# Winchester Model 70 7mm Rem Mag



## Dahlmer (Sep 12, 2007)

I'm trying to get a feel for what this is worth.

- Winchester Model 70 7mm Rem Mag with Leupold VXIII 3.5-10x40mm scope. Mounted on Leupold dovetail rings. Black synthetic stock.

- 60 150 grn 7mm Mag Nosler Partition hand loads. 65 grains H4831 in Remington brass with CCI primers.

- 16 150 grn 7mm Mag Nosler Ballistic tip hand loads. 65 grains H4831 in Remington brass with CCI primers.

- 60 7mm mag Remington brass...unprimed. 56 never shot - 4 shot once.

- Simmons 8-point 3-9x40 scope.

- I also may get rid of my 7mm die set for the right price.

I'm not looking for a trade.

The rifle is in excellent condition. It has been shot less than 100 times. It has not been shot for the last year. The Leupold scope shows some wear from normal use, including being packed in a scabbard.

Only four of the brass have been shot, everything else is brand new.

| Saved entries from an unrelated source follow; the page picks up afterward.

(* Let $\lambda\in\mathbf{R}$ and $c>0$. Then there exists an integer $l\geq 0$ such that for every $f\in\mathcal{C}^{\lambda\text{-an}}(\mathbf{Z}_p^d,M)$ and every $1\leq i\leq d$ we have $\Delta_{p^l1_i}(f)\in\mathcal{C}^{\lambda\text{-an}}(\mathbf{Z}_p^d,M)$ and $$\mathrm{val}_{\lambda}(\Delta_{p^l 1_i}(f))\geq \mathrm{val}_{\lambda}(f)+c.$$
   Context: A valuation on a ring (or module) is a map $\mathrm{val}$ to $(-\infty,\infty]$ with $\mathrm{val}(x)=\infty$ iff $x=0$, $\mathrm{val}(xy)\geq\mathrm{val}(x)+\mathrm{val}(y)$ (for modules: $\mathrm{val}(rm)\geq \mathrm{val}(r)+\mathrm{val}(m)$) and $\mathrm{val}(x+y)\geq\min(\mathrm{val}(x),\mathrm{val}(y))$. Let $R$ be a $\mathbf{Z}_p$-algebra which is a Tate ring with a valuation $\mathrm{val}_R$ such that $\mathrm{val}_R(p)>0$, and let $M$ be an $R$-module with a compatible valuation $\mathrm{val}_M$. For $\underline{y}\in\mathbf{Z}_p^d$ and $f:\mathbf{Z}_p^d\to M$ put $\Delta_{\underline{y}}(f)(\underline{x})=f(\underline{x}+\underline{y})-f(\underline{x})$. Let $1_i\in\mathbf{Z}_p^d$ be the $i$-th standard basis vector, $\Delta_i=\Delta_{1_i}$, and for $\underline{n}\in\mathbf{Z}_{\geq0}^d$ put $\Delta^{\underline{n}}=\Delta_1^{n_1}\circ\cdots\circ\Delta_d^{n_d}$ and $a_{\underline{n}}(f)=\Delta^{\underline{n}}(f)(\underline{0})$. Write $|\underline{n}|=\sum_i n_i$ and $\lfloor p^\lambda\underline{n}\rfloor=\sum_i\lfloor p^\lambda n_i\rfloor$. Let $\mathcal{C}^{\lambda\text{-an}}(\mathbf{Z}_p^d,M)$ be the set of continuous $f:\mathbf{Z}_p^d\to M$ such that $\mathrm{val}_M(a_{\underline{n}}(f))-p^\lambda|\underline{n}|\to\infty$ as $|\underline{n}|\to\infty$, endowed with the valuation $\mathrm{val}_\lambda(f)=\inf_{\underline{n}}\big(\mathrm{val}_M(a_{\underline{n}}(f))-\lfloor p^\lambda\underline{n}\rfloor\big)$. *)

theory Defs
  imports "HOL-Analysis.Analysis"
begin

text \<open>An element x of Z_p is represented by the sequence of its residues x n in {0..<p^n}
  modulo p^n, compatible under reduction.\<close>

definition Zp :: "nat \<Rightarrow> (nat \<Rightarrow> int) set" where
  "Zp p = {x. \<forall>n. 0 \<le> x n \<and> x n < int p ^ n \<and> x (Suc n) mod (int p ^ n) = x n}"

definition zp_of_int :: "nat \<Rightarrow> int \<Rightarrow> (nat \<Rightarrow> int)" where
  "zp_of_int p k = (\<lambda>n. k mod (int p ^ n))"

definition zp_add :: "nat \<Rightarrow> (nat \<Rightarrow> int) \<Rightarrow> (nat \<Rightarrow> int) \<Rightarrow> (nat \<Rightarrow> int)" where
  "zp_add p x y = (\<lambda>n. (x n + y n) mod (int p ^ n))"

definition zp_mult :: "nat \<Rightarrow> (nat \<Rightarrow> int) \<Rightarrow> (nat \<Rightarrow> int) \<Rightarrow> (nat \<Rightarrow> int)" where
  "zp_mult p x y = (\<lambda>n. (x n * y n) mod (int p ^ n))"

section \<open>Z_p^d: vectors indexed by {0..<d} (index i here corresponds to i+1 in the paper)\<close>

definition Zpd :: "nat \<Rightarrow> nat \<Rightarrow> (nat \<Rightarrow> nat \<Rightarrow> int) set" where
  "Zpd p d = {x. (\<forall>i<d. x i \<in> Zp p) \<and> (\<forall>i\<ge>d. x i = zp_of_int p 0)}"

definition vadd :: "nat \<Rightarrow> (nat \<Rightarrow> nat \<Rightarrow> int) \<Rightarrow> (nat \<Rightarrow> nat \<Rightarrow> int) \<Rightarrow> (nat \<Rightarrow> nat \<Rightarrow> int)" where
  "vadd p x y = (\<lambda>i. zp_add p (x i) (y i))"

definition scaled_unit :: "nat \<Rightarrow> int \<Rightarrow> nat \<Rightarrow> (nat \<Rightarrow> nat \<Rightarrow> int)" where
  "scaled_unit p k i = (\<lambda>j. if j = i then zp_of_int p k else zp_of_int p 0)"

definition multi_indices :: "nat \<Rightarrow> (nat \<Rightarrow> nat) set" where
  "multi_indices d = {n. \<forall>i\<ge>d. n i = 0}"

definition is_valuation_ring :: "('r::comm_ring_1 \<Rightarrow> ereal) \<Rightarrow> bool" where
  "is_valuation_ring v \<longleftrightarrow>
     (\<forall>x. v x \<noteq> -\<infinity>) \<and> (\<forall>x. v x = \<infinity> \<longleftrightarrow> x = 0) \<and>
     (\<forall>x y. v (x * y) \<ge> v x + v y) \<and> (\<forall>x y. v (x + y) \<ge> min (v x) (v y))"

definition is_valuation_module ::
  "('r::comm_ring_1 \<Rightarrow> 'm::ab_group_add \<Rightarrow> 'm) \<Rightarrow> ('r \<Rightarrow> ereal) \<Rightarrow> ('m \<Rightarrow> ereal) \<Rightarrow> bool" where
  "is_valuation_module sc vR vM \<longleftrightarrow>
     (\<forall>x. vM x \<noteq> -\<infinity>) \<and> (\<forall>x. vM x = \<infinity> \<longleftrightarrow> x = 0) \<and>
     (\<forall>r m. vM (sc r m) \<ge> vR r + vM m) \<and> (\<forall>x y. vM (x + y) \<ge> min (vM x) (vM y))"

text \<open>Tate ring (for the valuation topology): there is a topologically nilpotent unit,
  i.e. a unit of positive valuation.\<close>
definition is_tate_valued :: "('r::comm_ring_1 \<Rightarrow> ereal) \<Rightarrow> bool" where
  "is_tate_valued v \<longleftrightarrow> (\<exists>w u. w * u = 1 \<and> v w > 0)"
text \<open>The real vector space V_A carries a W_0-invariant inner product; we identify its
  dual with V_A via this inner product, so roots are vectors and the pairing
  between V_A and roots is the inner product.\<close>

definition root_refl :: "'v::real_inner \<Rightarrow> 'v \<Rightarrow> 'v" where
  "root_refl a v = v - (2 * (v \<bullet> a) / (a \<bullet> a)) *\<^sub>R a"

definition root_system :: "'v::euclidean_space set \<Rightarrow> bool" where
  "root_system \<Phi> \<longleftrightarrow> finite \<Phi> \<and> 0 \<notin> \<Phi> \<and> span \<Phi> = UNIV
     \<and> (\<forall>a\<in>\<Phi>. \<forall>b\<in>\<Phi>. root_refl a b \<in> \<Phi> \<and> 2 * (b \<bullet> a) / (a \<bullet> a) \<in> \<int>)
     \<and> (\<forall>a\<in>\<Phi>. \<forall>c. c *\<^sub>R a \<in> \<Phi> \<longrightarrow> c = 1 \<or> c = -1)"

definition positive_system :: "'v::euclidean_space set \<Rightarrow> 'v set \<Rightarrow> bool" where
  "positive_system \<Phi> P \<longleftrightarrow>
     (\<exists>\<xi>. (\<forall>a\<in>\<Phi>. \<xi> \<bullet> a \<noteq> 0) \<and> P = {a\<in>\<Phi>. \<xi> \<bullet> a > 0})"

inductive_set weyl_group :: "'v::real_inner set \<Rightarrow> ('v \<Rightarrow> 'v) set" for \<Phi> where
  weyl_id: "id \<in> weyl_group \<Phi>"
| weyl_step: "w \<in> weyl_group \<Phi> \<Longrightarrow> a \<in> \<Phi> \<Longrightarrow> root_refl a \<circ> w \<in> weyl_group \<Phi>"

definition closed_weyl_chamber :: "'v::euclidean_space set \<Rightarrow> 'v set \<Rightarrow> bool" where
  "closed_weyl_chamber \<Phi> C \<longleftrightarrow>
     (\<exists>\<xi>. (\<forall>a\<in>\<Phi>. \<xi> \<bullet> a \<noteq> 0) \<and>
        C = closure (connected_component_set (- (\<Union>a\<in>\<Phi>. {v. v \<bullet> a = 0})) \<xi>))"

text \<open>Affine roots Phi x Z are represented as pairs (a, h) with h a real number that is an
  integer; positive affine roots.\<close>
definition pos_aff :: "'v set \<Rightarrow> 'v set \<Rightarrow> ('v \<times> real) set" where
  "pos_aff \<Phi> P = {(a, real_of_int h) | a h. a \<in> \<Phi> \<and> (h \<ge> 1 \<or> (h = 0 \<and> a \<in> P))}"

text \<open>Action of w = w0 t (w0 in W_0, t in T/T^0) on affine roots:
  (w0 t).(a,h) = (w0 a, h - <nu t, a>).\<close>
definition aff_act :: "('t \<Rightarrow> 'v::real_inner) \<Rightarrow> ('v \<Rightarrow> 'v) \<Rightarrow> 't \<Rightarrow> 'v \<times> real \<Rightarrow> 'v \<times> real" where
  "aff_act \<nu> w0 t ah = (w0 (fst ah), snd ah - \<nu> t \<bullet> fst ah)"

definition gW :: "'v::real_inner set \<Rightarrow> 'v set \<Rightarrow> ('t \<Rightarrow> 'v) \<Rightarrow> ('v \<Rightarrow> 'v) \<Rightarrow> 't \<Rightarrow> 'v \<Rightarrow> int" where
  "gW \<Phi> P \<nu> w0 t a =
     (LEAST m::int. (a, real_of_int m) \<in> pos_aff \<Phi> P \<inter> aff_act \<nu> w0 t ` pos_aff \<Phi> P)"

end

theory Submission
  imports Defs
begin

text \<open>Put \<open>\<beta> = w\<^sub>0\<^sup>-\<^sup>1\<alpha>\<close> and \<open>t = x\<^sub>1\<^sup>k\<^sup>1 \<cdots> x\<^sub>r\<^sup>k\<^sup>r\<close>. The affine root \<open>(\<alpha>, h)\<close> lies in
  \<open>w\<^sub>0 t \<Phi>\<^sup>+\<^sub>a\<^sub>f\<^sub>f\<close> exactly when \<open>(\<beta>, h + \<langle>\<nu> t, \<beta>\<rangle>)\<close> is positive, so
  \<open>g\<^sub>w\<^sub>0\<^sub>t(\<alpha>) = max a (b - \<langle>\<nu> t, \<beta>\<rangle>)\<close> with \<open>a = [\<alpha> \<notin> \<Phi>\<^sup>+]\<close> and \<open>b = [\<beta> \<notin> \<Phi>\<^sup>+]\<close> in \<open>{0, 1}\<close>.
  As the \<open>\<nu>(x\<^sub>i)\<close> lie in one closed chamber, the integers \<open>\<langle>\<nu>(x\<^sub>i), \<beta>\<rangle>\<close> share a sign. So
  if the extra exponents \<open>m\<^sub>i\<close> change the pairing by \<open>d \<noteq> 0\<close>, some \<open>x\<^sub>i\<close> with \<open>m\<^sub>i > 0\<close>, hence
  \<open>n\<^sub>i > 0\<close>, pairs nontrivially with \<open>\<beta>\<close>, and the pairing \<open>c\<close> for the exponents \<open>n\<^sub>i\<close> is a
  nonzero integer of the sign of \<open>d\<close>. For \<open>c \<ge> 1\<close> both maxima equal \<open>a\<close>; for \<open>c \<le> -1\<close> both
  are attained by the second entry, which drops by \<open>d\<close>.\<close>

lemma root_refl_root_refl:
  assumes "a \<noteq> (0::'v::real_inner)"
  shows "root_refl a (root_refl a v) = v"
proof -
  define k where "k = 2 * (v \<bullet> a) / (a \<bullet> a)"
  have "a \<bullet> a \<noteq> 0" using assms by simp
  then have "(v - k *\<^sub>R a) \<bullet> a = - (v \<bullet> a)"
    by (simp add: k_def inner_diff_left algebra_simps)
  then have "2 * ((v - k *\<^sub>R a) \<bullet> a) / (a \<bullet> a) = - k" by (simp add: k_def)
  then show ?thesis unfolding root_refl_def k_def[symmetric] by simp
qed

lemma weyl_group_inj_image_roots:
  assumes "w \<in> weyl_group \<Phi>" "root_system \<Phi>"
  shows "inj w \<and> w ` \<Phi> = \<Phi>"
  using assms(1)
proof induction
  case weyl_id
  then show ?case by simp
next
  case (weyl_step w a)
  have "a \<noteq> 0" using \<open>a \<in> \<Phi>\<close> assms(2) unfolding root_system_def by auto
  then have refl_refl: "root_refl a (root_refl a v) = v" for v by (rule root_refl_root_refl)
  have refl_roots: "root_refl a b \<in> \<Phi>" if "b \<in> \<Phi>" for b
    using \<open>a \<in> \<Phi>\<close> that assms(2) unfolding root_system_def by blast
  have "root_refl a ` \<Phi> = \<Phi>"
  proof
    show "\<Phi> \<subseteq> root_refl a ` \<Phi>"
      using refl_roots refl_refl by (metis image_eqI subsetI)
  qed (use refl_roots in blast)
  moreover have "inj (root_refl a)" using refl_refl by (metis injI)
  ultimately show ?case using weyl_step.IH by (metis image_comp inj_compose)
qed

lemma weyl_group_inv_into_root:
  assumes "w \<in> weyl_group \<Phi>" "root_system \<Phi>" "\<alpha> \<in> \<Phi>"
  shows "inv_into UNIV w \<alpha> \<in> \<Phi>" "w (inv_into UNIV w \<alpha>) = \<alpha>"
proof -
  have "inj w" and roots: "w ` \<Phi> = \<Phi>" using weyl_group_inj_image_roots[OF assms(1,2)] by blast+
  moreover have "\<alpha> \<in> range w" using assms(3) roots by blast
  ultimately show "w (inv_into UNIV w \<alpha>) = \<alpha>" by (simp add: f_inv_into_f)
  then show "inv_into UNIV w \<alpha> \<in> \<Phi>" using assms(3) roots inj_image_mem_iff[OF \<open>inj w\<close>] by metis
qed

lemma additive_hom_one:
  fixes \<nu> :: "'x \<Rightarrow> 'v::real_vector"
  assumes "monoid X" "\<forall>s\<in>carrier X. \<forall>t\<in>carrier X. \<nu> (s \<otimes>\<^bsub>X\<^esub> t) = \<nu> s + \<nu> t"
  shows "\<nu> \<one>\<^bsub>X\<^esub> = 0"
  using assms by (metis add_cancel_right_right monoid.l_one monoid.one_closed)

lemma additive_hom_nat_pow:
  fixes \<nu> :: "'x \<Rightarrow> 'v::real_vector"
  assumes "monoid X" "\<forall>s\<in>carrier X. \<forall>t\<in>carrier X. \<nu> (s \<otimes>\<^bsub>X\<^esub> t) = \<nu> s + \<nu> t"
    and "y \<in> carrier X"
  shows "\<nu> (y [^]\<^bsub>X\<^esub> (k::nat)) = real k *\<^sub>R \<nu> y"
proof (induction k)
  case 0
  then show ?case using additive_hom_one[OF assms(1,2)] by simp
next
  case (Suc k)
  have "y [^]\<^bsub>X\<^esub> k \<in> carrier X" using assms by (simp add: monoid.nat_pow_closed)
  then show ?case using Suc assms by (simp add: algebra_simps)
qed

lemma additive_hom_finprod:
  fixes \<nu> :: "'x \<Rightarrow> 'v::real_vector"
  assumes "comm_monoid X" "\<forall>s\<in>carrier X. \<forall>t\<in>carrier X. \<nu> (s \<otimes>\<^bsub>X\<^esub> t) = \<nu> s + \<nu> t"
    and "finite A" "f \<in> A \<rightarrow> carrier X"
  shows "\<nu> (finprod X f A) = (\<Sum>i\<in>A. \<nu> (f i))"
  using assms(3,4)
proof (induction A rule: finite_induct)
  case empty
  then show ?case
    using additive_hom_one[OF comm_monoid.axioms(1)[OF assms(1)] assms(2)]
    by (simp add: comm_monoid.finprod_empty[OF assms(1)])
next
  case (insert a F)
  then have "f \<in> F \<rightarrow> carrier X" "f a \<in> carrier X" by auto
  then show ?case
    using insert assms(2)
    by (simp add: comm_monoid.finprod_insert[OF assms(1)] comm_monoid.finprod_closed[OF assms(1)])
qed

The Simmons scope has never been used or mounted.


----------



## Huge29 (Sep 17, 2007)

http://utahwildlife.net/forum/18-firearms-reloading/52498-looking-7mm-2.html


----------



## exterpro (Aug 18, 2013)

What are you looking for price wise on the rifle?


----------



## Dahlmer (Sep 12, 2007)

Everything has been sold.


----------